(Data excerpts)
################

lemma gronwall_lower_bound:
  fixes f f' :: "real \<Rightarrow> real"
  assumes deriv: "\<And>t. (f has_real_derivative f' t) (at t)" and "x0 \<le> x"
    and ge: "\<And>t. x0 \<le> t \<Longrightarrow> t \<le> x \<Longrightarrow> - k * f t \<le> f' t"
  shows "f x0 * exp (- k * (x - x0)) \<le> f x"
proof -
  define g where "g t = f t * exp (k * t)" for t
  have deriv_g: "(g has_real_derivative (f' t + k * f t) * exp (k * t)) (at t)" for t
    unfolding g_def by (auto intro!: derivative_eq_intros deriv simp: algebra_simps)
  have "g x0 \<le> g x"
  proof (rule DERIV_nonneg_imp_nondecreasing[OF \<open>x0 \<le> x\<close>])
    fix t assume "x0 \<le> t" "t \<le> x"
    with ge have "- k * f t \<le> f' t" by blast
    then have "0 \<le> f' t + k * f t" by simp
    then have "0 \<le> (f' t + k * f t) * exp (k * t)" by simp
    with deriv_g show "\<exists>y. (g has_real_derivative y) (at t) \<and> 0 \<le> y" by blast
  qed
  then have "g x0 * exp (- k * x) \<le> g x * exp (- k * x)" by (simp add: mult_right_mono)
  then show ?thesis unfolding g_def by (simp add: algebra_simps flip: exp_add)
qed

lemma gronwall_upper_bound:
  fixes f f' :: "real \<Rightarrow> real"
  assumes deriv: "\<And>t. (f has_real_derivative f' t) (at t)" and "x0 \<le> x"
    and le: "\<And>t. x0 \<le> t \<Longrightarrow> t \<le> x \<Longrightarrow> f' t \<le> - k * f t"
  shows "f x \<le> f x0 * exp (- k * (x - x0))"
proof -
  have "- f x0 * exp (- k * (x - x0)) \<le> - f x"
  proof (rule gronwall_lower_bound[OF _ \<open>x0 \<le> x\<close>])
    show "((\<lambda>t. - f t) has_real_derivative - f' t) (at t)" for t
      using deriv by (rule DERIV_minus)
    show "- k * - f t \<le> - f' t" if "x0 \<le> t" "t \<le> x" for t
      using le[OF that] by simp
  qed
  then show ?thesis by simp
qed

lemma antimono_between_limits:
  fixes u :: "real \<Rightarrow> real"
  assumes "antimono u" and "(u \<longlongrightarrow> um) at_bot" and "(u \<longlongrightarrow> up) at_top"
  shows "up \<le> u x" and "u x \<le> um"
proof -
  show "up \<le> u x"
    by (rule tendsto_upperbound[OF assms(3)])
      (auto simp: eventually_at_top_linorder intro!: exI[of _ x] antimonoD[OF assms(1)])
  show "u x \<le> um"
    by (rule tendsto_lowerbound[OF assms(2)])
      (auto simp: eventually_at_bot_linorder intro!: exI[of _ x] antimonoD[OF assms(1)])
qed

lemma antimono_if_limits_decrease:
  fixes u :: "real \<Rightarrow> real"
  assumes "mono u \<or> antimono u" and "(u \<longlongrightarrow> um) at_bot" and "(u \<longlongrightarrow> up) at_top"
    and "up < um"
  shows "antimono u"
proof (rule ccontr)
  assume "\<not> antimono u"
  with assms(1) have "mono u" by blast
  then have "antimono (\<lambda>x. - u x)" by (simp add: monotone_def)
  moreover have "((\<lambda>x. - u x) \<longlongrightarrow> - um) at_bot" "((\<lambda>x. - u x) \<longlongrightarrow> - up) at_top"
    using assms(2,3) by (auto intro: tendsto_minus)
  ultimately have "- up \<le> - u 0" "- u 0 \<le> - um" by (rule antimono_between_limits)+
  with \<open>up < um\<close> show False by simp
qed

lemma vd_shock_has_deriv:
  assumes "vd_shock eps delta um up u"
  shows "((deriv ^^ n) u has_real_derivative (deriv ^^ Suc n) u x) (at x)"
  using assms unfolding vd_shock_def by (simp add: DERIV_deriv_iff_real_differentiable)

lemma vd_shock_first_integral:
  assumes shock: "vd_shock eps delta um up u"
  shows "delta * deriv (deriv u) x = eps * deriv u x + (um - u x) * (u x - up) / 2"
proof -
  have deriv_u: "(u has_real_derivative deriv u x) (at x)"
    and deriv2_u: "(deriv u has_real_derivative deriv (deriv u) x) (at x)"
    and deriv3_u: "(deriv (deriv u) has_real_derivative deriv (deriv (deriv u)) x) (at x)" for x
    using vd_shock_has_deriv[OF shock, of 0 x] vd_shock_has_deriv[OF shock, of 1 x]
      vd_shock_has_deriv[OF shock, of 2 x] by (simp_all add: numeral_2_eq_2)
  have ode: "- ((um + up) / 2) * deriv u x + u x * deriv u x
      = eps * deriv (deriv u) x - delta * deriv (deriv (deriv u)) x" for x
    using shock unfolding vd_shock_def by (simp add: numeral_2_eq_2 numeral_3_eq_3)
  define H where "H x = delta * deriv (deriv u) x - eps * deriv u x - (um - u x) * (u x - up) / 2" for x
  have "(H has_real_derivative 0) (at x)" for x
  proof -
    have "(H has_real_derivative delta * deriv (deriv (deriv u)) x - eps * deriv (deriv u) x
        - (deriv u x * (um + up - 2 * u x)) / 2) (at x)"
      unfolding H_def by (auto intro!: derivative_eq_intros deriv_u deriv2_u deriv3_u
          simp: field_simps)
    with ode[of x] show ?thesis by (simp add: field_simps)
  qed
  then have H_const: "H x = H 0" for x by (metis DERIV_isconst_all)
  have lim: "(u \<longlongrightarrow> up) at_top" "(deriv u \<longlongrightarrow> 0) at_top"
    using shock unfolding vd_shock_def by auto
  have "delta * deriv (deriv u) x = H 0 + eps * deriv u x + (um - u x) * (u x - up) / 2" for x
    using H_const[of x] unfolding H_def[of x] by simp
  moreover have "((\<lambda>x. H 0 + eps * deriv u x + (um - u x) * (u x - up) / 2)
      \<longlongrightarrow> H 0 + eps * 0 + (um - up) * (up - up) / 2) at_top"
    by (intro tendsto_intros lim) simp
  ultimately have lim_u'': "((\<lambda>x. delta * deriv (deriv u) x) \<longlongrightarrow> H 0) at_top" by simp
  have lim_u': "((\<lambda>x. delta * deriv u x) \<longlongrightarrow> delta * 0) at_top"
    by (intro tendsto_intros lim)
  have "H 0 = 0"
    by (rule tendsto_deriv_at_top_eq_0[OF DERIV_cmult[OF deriv2_u] lim_u'' lim_u'])
  with H_const[of x] show ?thesis unfolding H_def[of x] by simp
qed

locale kdvb_profile =
  fixes eps delta um up :: real and u u' u'' :: "real \<Rightarrow> real"
  assumes eps_pos: "0 < eps" and delta_pos: "0 < delta"
    and weak_dispersion: "delta * (um - up) \<le> eps^2 / 2"
    and has_deriv: "\<And>x. (u has_real_derivative u' x) (at x)"
      "\<And>x. (u' has_real_derivative u'' x) (at x)"
    and first_integral: "\<And>x. delta * u'' x = eps * u' x + (um - u x) * (u x - up) / 2"
    and between_limits: "\<And>x. up \<le> u x" "\<And>x. u x \<le> um"
    and tendsto_at_top: "(u \<longlongrightarrow> up) at_top" "(u' \<longlongrightarrow> 0) at_top"
begin

lemma abs_dispersion_le: "\<bar>delta * (2 * u x - um - up)\<bar> \<le> eps^2 / 2"
proof -
  have "\<bar>2 * u x - um - up\<bar> \<le> um - up" using between_limits[of x] by simp
  then have "delta * \<bar>2 * u x - um - up\<bar> \<le> delta * (um - up)"
    using delta_pos by (simp add: mult_left_mono)
  with weak_dispersion have "delta * \<bar>2 * u x - um - up\<bar> \<le> eps^2 / 2" by linarith
  with delta_pos show ?thesis by (simp add: abs_mult)
qed

lemma gap_product_nonneg: "0 \<le> (um - u x) * (u x - up)"
  using between_limits[of x] by simp

lemma tendsto_gap_product: "((\<lambda>x. (um - u x) * (u x - up)) \<longlongrightarrow> 0) at_top"
proof -
  have "((\<lambda>x. (um - u x) * (u x - up)) \<longlongrightarrow> (um - up) * (up - up)) at_top"
    by (intro tendsto_intros tendsto_at_top(1))
  then show ?thesis by simp
qed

################

> _What you should do_
Gather from the entries above all lines that include the string "define".

> _Solution for this problem_
  define g where "g t = f t * exp (k * t)" for t
  define H where "H x = delta * deriv (deriv u) x - eps * deriv u x - (um - u x) * (u x - up) / 2" for x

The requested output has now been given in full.